Now, appointed technocrats such as Fed chairmen have to avoid getting involved in politics. They can’t come out and say “what the US economy really needs is another fiscal stimulus passed by Congress”, even if that’s what they believe.

Americans, more than the citizens of other advanced economies, are particularly spooked by the prospect of unemployment because, as the FT’s Martin Wolf observes, “jobs are, in the US, the only safety net for those of working age.” So consumers react to economic uncertainty by cutting back on spending and saving money or paying off debt. Bernanke noted: “Households, collectively, are even more cautious about the economic outlook and their own prospects than we previously believed.”

To combat this there’s only so much that can be done by monetary policy, the part of the economy under Bernanke’s domain. There’s an old joke that relying on monetary policy to run an economy is like playing golf with only one club. The missing club is of course fiscal policy.

The White House and Democrats could exploit Bernanke’s plea by pushing for further fiscal stimulus and allowing monetary and fiscal policy to work in tandem. Given the fervour of Republican opposition, the chances of Barack Obama passing another stimulus package worth serious money – in the hundreds of billions of dollars – are non-existent, despite the fact that the bond market’s appetite for buying US Treasuries means it could be cheaply financed.

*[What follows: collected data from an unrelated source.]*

lemma leafh_int_tendsto_leaf_zeta:
  assumes "leaf_integrand n integrable_on {0..}"
  shows "(\<lambda>k. leafh_int n (real k)) \<longlonglongrightarrow> leaf_zeta n"
proof -
  define g where "g k x = (if x \<in> {..real k} then leaf_integrand n x else 0)" for k x
  have restrict: "{..real k} \<inter> {0..} = {0..real k}" for k by auto
  have "(\<lambda>k. integral {0..} (g k)) \<longlonglongrightarrow> integral {0..} (leaf_integrand n)"
  proof (rule dominated_convergence(2)[OF _ assms])
    show "g k integrable_on {0..}" for k
      unfolding g_def integrable_restrict_Int restrict by (rule leaf_integrand_integrable)
    show "norm (g k x) \<le> leaf_integrand n x" for k x
      using leaf_integrand_pos[of n x] by (simp add: g_def)
    show "(\<lambda>k. g k x) \<longlonglongrightarrow> leaf_integrand n x" for x
    proof (rule tendsto_eventually)
      obtain m where "x \<le> real m" using real_arch_simple by blast
      then show "\<forall>\<^sub>F k in sequentially. g k x = leaf_integrand n x"
        unfolding eventually_sequentially g_def by (intro exI[of _ m]) auto
    qed
  qed
  moreover have "integral {0..} (g k) = leafh_int n (real k)" for k
    unfolding g_def integral_restrict_Int restrict by (simp add: leafh_int_eq)
  ultimately show ?thesis
    by (simp add: leaf_zeta_def leaf_integrand_def[abs_def])
qed

lemma exists_leafh_int_gt:
  assumes "l < leaf_zeta n"
  obtains r where "l < leafh_int n r"
proof (cases "leaf_integrand n integrable_on {0..}")
  case False
  then have "leaf_zeta n = 0"
    by (simp add: leaf_zeta_def leaf_integrand_def[abs_def] not_integrable_integral)
  with assms that[of 0] show ?thesis by simp
next
  case True
  from order_tendstoD(1)[OF leafh_int_tendsto_leaf_zeta[OF True] assms]
  show ?thesis using that by (auto simp: eventually_sequentially)
qed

And once the Republicans take control of the House and possibly Senate after the 2010 midterm elections in November, the chances are less than zero. So the Fed is going to have to do all the heavy lifting by itself.

There’s little the Fed can do that it’s not doing already about the central problem of the US economy: its housing market. Some 29% of all houses with mortgages in the US are “under water” – that is, the resale value is less than the outstanding mortgage. That’s a dead weight around the economy’s throat but US policymakers mistakenly believe that the housing market’s distress is a symptom and not a cause.

Bernanke thinks the housing market will pick up, if prices fall far enough and credit remains easy, but the problem there is that a further fall in house prices drags more mortgages under water, and puts off the day when house building starts adding new jobs to the economy.

In the meantime, Bernanke’s Fed doesn’t have much powder left in its locker, with monetary policy already extraordinarily easy. Earlier this week Alan Blinder, a former Fed official and a very smart economist, outlined steps the Fed could still take – all of which Bernanke ticked off in his Jackson Hole speech.

“The bad news is that the Fed has already spent its most powerful ammunition, only the weak stuff is left,” Blinder warned. And he’s right.

Bernanke, though, is also right that a durable recovery is underway. The prospects of a “double dip” into a second recession are far fetched. Unemployment remains weak but the jobs market always lags behind the rest of the economy.

The only surprise is that the economy has not recovered more quickly, based on its revival from previous slumps. But that, I believe, is because of the housing market, which has never seen such a dramatic collapse in the course of US history. Fixing that needs the “appropriate and effective responses from economic policymakers” that Bernanke is asking for.